Eliminating keyboard-based processes also suggests many possibilities beyond spoken ad-hoc queries, starting with hands-free multitasking, interactive audio reporting, or using an audio query interface in group chats and collaborative settings. Anyone who deals with or has dealt with a sensory limitation could show the perfectly acceptable workarounds that already exist.

Just as paper processes were streamlined, so might the keyboard of the future augment or replace touch typing with vocal commands and physical gestures. It requires no leap of technology to operationalize and use a Siri / Alexa / Google Home-type interface for both BI-type queries and subsequent vocal intervention to tweak a sales target or adjust inventory from the boardroom or the bedside. Any industry that leans often on lexicons or dictionaries of terms is likely to see opportunities with NLA. It’s not hard to picture executives and managers as targeted users.

This is where we get ahead of ourselves because, based on adoption levels, it is still appropriate to describe NLA in future terms. As our market survey reveals, though a solid majority of users consider NLA “important,” only about one-quarter of organizations use NLA in BI, and another one-third have no plans to use it. Why is that?

It is a question still being sorted out as convenience, ease of use, personalization, and human nature collide. Practical considerations and behavioral quirks always lead us to different personal and situational preferences. For example, hands-free interfaces became extremely popular with drivers for safety reasons and are a preferred workaround for text messaging (following in the tradition of voice mails no less!).

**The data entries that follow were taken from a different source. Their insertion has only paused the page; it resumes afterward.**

(* Let $\phi\in\mathcal{O}$, $\theta\in(0,\pi)$, and let $f$ be a positive smooth function on $\mathcal{C}_\theta$. Let $h>0$ be the support function of a symmetric $\widehat{\Sigma}\in\mathcal{K}_\theta^\circ$ solving $$\frac{1}{|\widehat{\Sigma}|}\phi\Big(\frac{\ell}{h}\Big)h\det(h_{ij}+h\delta_{ij})=f\ \text{ in }\mathcal{C}_\theta,\qquad\nabla_\mu h=\cot\theta\,h\ \text{ on }\partial\mathcal{C}_\theta.$$ Then there exists a constant $C_1>0$ depending only on $f,n,\theta,\phi,\|h\|_{C^0}$ such that $|\nabla h|\leqslant C_1$ on $\mathcal{C}_\theta$.
   Context: Setting: $n\geqslant1$, $\mathbb{R}^{n+1}_+=\{x\in\mathbb{R}^{n+1}: x_{n+1}>0\}$, $e=(0,\dots,0,-1)$, $\theta\in(0,\pi)$. A capillary hypersurface is a compact embedded $C^2$ hypersurface $\Sigma\subset\overline{\mathbb{R}^{n+1}_+}$ with boundary $\partial\Sigma\subset\partial\mathbb{R}^{n+1}_+$ whose outward unit normal $\nu$ satisfies $\langle\nu,e\rangle=\cos(\pi-\theta)$ along $\partial\Sigma$. If $\Sigma$ is convex with positive Gauss curvature, the domain $\widehat{\Sigma}$ bounded by $\Sigma$ and $\partial\mathbb{R}^{n+1}_+$ is a capillary convex body; $\mathcal{K}_\theta$ is the family of these, $\mathcal{K}_\theta^\circ$ the subfamily whose flat boundary $\partial\widehat{\Sigma}\setminus\Sigma$ contains the origin in its relative interior. $|\widehat{\Sigma}|$ is the volume. $\mathcal{C}_\theta=\{\xi\in\overline{\mathbb{R}^{n+1}_+}:|\xi-\cos\theta e|=1\}$ with induced round metric $\delta$, connection $\nabla$, $\mu$ the outward unit co-normal of $\partial\mathcal{C}_\theta$ in $\mathcal{C}_\theta$; $h_{ij}$ are second covariant derivatives in a local orthonormal frame. The capillary Gauss map $\widetilde{\nu}=\nu+\cos\theta e:\Sigma\to\mathcal{C}_\theta$ is a diffeomorphism and the support function is $h(\xi)=\langle\widetilde{\nu}^{-1}(\xi),\xi-\cos\theta e\rangle$. $\ell(\xi)=\sin^2\theta+\cos\theta\langle\xi,e\rangle$. Class $\mathcal{O}$: the $C^2$, strictly increasing, convex, log-concave functions $\phi:[0,+\infty)\to[0,+\infty)$ with $\phi(0)=0$ satisfying (A1) $\lim_{x\to0^+}\phi'(x)=0$; (A2) $\liminf_{x\to+\infty}\phi(x)/x^{n+1}>0$; (A3) $\frac{d}{dx}\log\frac{\phi(x)}{x}\geqslant0$ for all $x>0$. Even/symmetric: for $\xi\in\mathcal{C}_\theta$ let $\widehat{\xi}=(-\xi_1,\dots,-\xi_n,\xi_{n+1})$; a function $g$ is even if $g(\xi)=g(\widehat{\xi})$; $\widehat{\Sigma}$ is symmetric if its support function is even. *)

theory Defs
  imports "HOL-Analysis.Analysis"
begin

text \<open>Ambient space R^(n+1) is real^'n with CARD('n) = n+1.  The fixed unit vector e
  plays the role of (0,...,0,-1); the open upper half space is {x. x \<bullet> e < 0}.\<close>

definition uhalf :: "real^'n \<Rightarrow> (real^'n) set" where
  "uhalf e = {x. x \<bullet> e < 0}"

definition cuhalf :: "real^'n \<Rightarrow> (real^'n) set" where
  "cuhalf e = {x. x \<bullet> e \<le> 0}"

definition bplane :: "real^'n \<Rightarrow> (real^'n) set" where
  "bplane e = {x. x \<bullet> e = 0}"

definition capC :: "real \<Rightarrow> real^'n \<Rightarrow> (real^'n) set" where
  "capC \<theta> e = {\<xi>. \<xi> \<bullet> e \<le> 0 \<and> norm (\<xi> - cos \<theta> *\<^sub>R e) = 1}"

Likewise, NLA might well find its way to the mainstream by catching on as a redundancy or augmentation, not as a threatening or unwelcome replacement. Spreadsheets and visualizations are certainly not going away, so we’d fully expect that hands, eyes, voices, and ears will all be important transmitters and receptors for BI as a situation requires. As the need arises, we expect more of the future of BI will be “out of our hands” via a turn to NLA and related technologies. Not yet, but ready for the future.